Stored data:
###

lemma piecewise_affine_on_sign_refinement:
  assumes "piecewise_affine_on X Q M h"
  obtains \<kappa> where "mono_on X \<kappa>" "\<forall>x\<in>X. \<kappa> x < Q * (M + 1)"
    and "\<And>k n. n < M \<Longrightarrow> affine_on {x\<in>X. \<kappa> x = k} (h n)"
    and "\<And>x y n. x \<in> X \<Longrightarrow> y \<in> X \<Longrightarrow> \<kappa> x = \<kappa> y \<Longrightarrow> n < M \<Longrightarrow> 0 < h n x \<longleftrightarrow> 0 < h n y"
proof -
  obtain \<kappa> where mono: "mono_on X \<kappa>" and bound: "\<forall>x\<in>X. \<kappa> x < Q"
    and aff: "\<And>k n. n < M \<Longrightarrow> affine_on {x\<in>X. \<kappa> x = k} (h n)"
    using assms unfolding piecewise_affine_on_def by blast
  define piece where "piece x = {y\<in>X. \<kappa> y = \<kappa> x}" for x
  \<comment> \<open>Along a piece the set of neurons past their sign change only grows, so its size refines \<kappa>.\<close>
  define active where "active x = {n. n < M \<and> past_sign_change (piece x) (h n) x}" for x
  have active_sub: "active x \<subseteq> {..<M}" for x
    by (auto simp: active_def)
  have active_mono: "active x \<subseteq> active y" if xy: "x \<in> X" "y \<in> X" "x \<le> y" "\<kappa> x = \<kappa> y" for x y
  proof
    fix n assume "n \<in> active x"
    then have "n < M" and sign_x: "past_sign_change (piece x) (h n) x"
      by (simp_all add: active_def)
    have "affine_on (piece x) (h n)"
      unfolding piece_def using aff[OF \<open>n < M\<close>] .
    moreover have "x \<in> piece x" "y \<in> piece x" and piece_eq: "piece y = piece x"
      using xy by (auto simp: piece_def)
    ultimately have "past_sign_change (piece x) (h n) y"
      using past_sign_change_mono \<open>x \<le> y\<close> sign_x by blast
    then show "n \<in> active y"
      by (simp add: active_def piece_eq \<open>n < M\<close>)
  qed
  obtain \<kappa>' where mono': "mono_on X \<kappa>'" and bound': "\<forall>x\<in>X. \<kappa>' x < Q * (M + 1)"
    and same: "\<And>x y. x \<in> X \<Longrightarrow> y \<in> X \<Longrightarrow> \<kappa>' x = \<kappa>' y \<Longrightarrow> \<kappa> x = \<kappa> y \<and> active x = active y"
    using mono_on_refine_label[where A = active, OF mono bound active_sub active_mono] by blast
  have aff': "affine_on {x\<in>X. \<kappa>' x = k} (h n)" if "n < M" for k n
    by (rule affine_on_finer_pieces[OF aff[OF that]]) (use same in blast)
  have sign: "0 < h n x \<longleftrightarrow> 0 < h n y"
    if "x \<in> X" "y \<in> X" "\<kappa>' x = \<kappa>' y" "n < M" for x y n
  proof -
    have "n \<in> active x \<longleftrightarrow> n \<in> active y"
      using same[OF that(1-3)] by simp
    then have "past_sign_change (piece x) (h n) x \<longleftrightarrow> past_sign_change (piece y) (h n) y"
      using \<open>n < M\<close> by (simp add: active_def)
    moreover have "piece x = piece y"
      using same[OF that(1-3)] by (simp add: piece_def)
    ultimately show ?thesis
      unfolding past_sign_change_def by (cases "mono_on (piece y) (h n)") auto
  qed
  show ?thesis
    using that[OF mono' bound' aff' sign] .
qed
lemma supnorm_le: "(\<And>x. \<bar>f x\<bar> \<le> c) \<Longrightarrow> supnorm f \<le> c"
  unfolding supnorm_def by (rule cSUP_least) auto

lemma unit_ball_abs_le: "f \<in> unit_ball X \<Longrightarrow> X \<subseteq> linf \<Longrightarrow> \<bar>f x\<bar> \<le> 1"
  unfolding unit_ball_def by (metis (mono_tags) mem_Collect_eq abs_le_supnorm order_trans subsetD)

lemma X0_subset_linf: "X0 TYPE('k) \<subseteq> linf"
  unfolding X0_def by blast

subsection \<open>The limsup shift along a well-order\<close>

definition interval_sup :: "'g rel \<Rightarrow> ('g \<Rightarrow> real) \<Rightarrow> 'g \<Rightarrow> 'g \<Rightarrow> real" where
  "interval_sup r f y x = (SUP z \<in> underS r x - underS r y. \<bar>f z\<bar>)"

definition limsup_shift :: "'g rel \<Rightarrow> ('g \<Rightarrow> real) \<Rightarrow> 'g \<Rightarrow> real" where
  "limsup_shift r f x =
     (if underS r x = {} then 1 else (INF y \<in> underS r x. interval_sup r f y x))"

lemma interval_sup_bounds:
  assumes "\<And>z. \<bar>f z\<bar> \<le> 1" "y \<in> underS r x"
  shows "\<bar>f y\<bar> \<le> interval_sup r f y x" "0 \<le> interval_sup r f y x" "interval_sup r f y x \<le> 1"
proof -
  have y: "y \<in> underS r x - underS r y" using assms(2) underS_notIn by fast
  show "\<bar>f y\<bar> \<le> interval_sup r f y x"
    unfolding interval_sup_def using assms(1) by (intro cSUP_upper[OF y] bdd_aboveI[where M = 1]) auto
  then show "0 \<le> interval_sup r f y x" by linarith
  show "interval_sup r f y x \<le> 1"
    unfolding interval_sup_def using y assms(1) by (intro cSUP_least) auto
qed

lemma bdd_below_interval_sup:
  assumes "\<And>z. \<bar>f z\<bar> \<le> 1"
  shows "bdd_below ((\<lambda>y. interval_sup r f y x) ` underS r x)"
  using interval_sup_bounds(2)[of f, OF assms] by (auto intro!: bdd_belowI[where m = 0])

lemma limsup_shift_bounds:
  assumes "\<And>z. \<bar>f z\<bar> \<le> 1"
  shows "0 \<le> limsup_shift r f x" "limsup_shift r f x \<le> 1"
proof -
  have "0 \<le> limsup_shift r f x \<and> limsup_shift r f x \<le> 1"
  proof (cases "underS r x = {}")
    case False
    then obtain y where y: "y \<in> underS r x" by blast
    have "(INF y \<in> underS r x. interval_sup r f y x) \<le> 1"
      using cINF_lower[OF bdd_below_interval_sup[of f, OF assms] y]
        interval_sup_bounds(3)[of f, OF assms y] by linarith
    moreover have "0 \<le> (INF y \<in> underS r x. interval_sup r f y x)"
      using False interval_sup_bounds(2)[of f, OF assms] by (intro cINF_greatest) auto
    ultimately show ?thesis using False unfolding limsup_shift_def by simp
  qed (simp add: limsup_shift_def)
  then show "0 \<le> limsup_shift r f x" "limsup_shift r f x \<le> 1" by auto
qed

###

## What you should do
Would you print, exactly as written, every line above from the one holding "using \<open>n <" through the one holding "(SUP z \<in>", with both included and no other lines?

## Response below
      using \<open>n < M\<close> by (simp add: active_def)
    moreover have "piece x = piece y"
      using same[OF that(1-3)] by (simp add: piece_def)
    ultimately show ?thesis
      unfolding past_sign_change_def by (cases "mono_on (piece y) (h n)") auto
  qed
  show ?thesis
    using that[OF mono' bound' aff' sign] .
qed
lemma supnorm_le: "(\<And>x. \<bar>f x\<bar> \<le> c) \<Longrightarrow> supnorm f \<le> c"
  unfolding supnorm_def by (rule cSUP_least) auto

lemma unit_ball_abs_le: "f \<in> unit_ball X \<Longrightarrow> X \<subseteq> linf \<Longrightarrow> \<bar>f x\<bar> \<le> 1"
  unfolding unit_ball_def by (metis (mono_tags) mem_Collect_eq abs_le_supnorm order_trans subsetD)

lemma X0_subset_linf: "X0 TYPE('k) \<subseteq> linf"
  unfolding X0_def by blast

subsection \<open>The limsup shift along a well-order\<close>

definition interval_sup :: "'g rel \<Rightarrow> ('g \<Rightarrow> real) \<Rightarrow> 'g \<Rightarrow> 'g \<Rightarrow> real" where
  "interval_sup r f y x = (SUP z \<in> underS r x - underS r y. \<bar>f z\<bar>)"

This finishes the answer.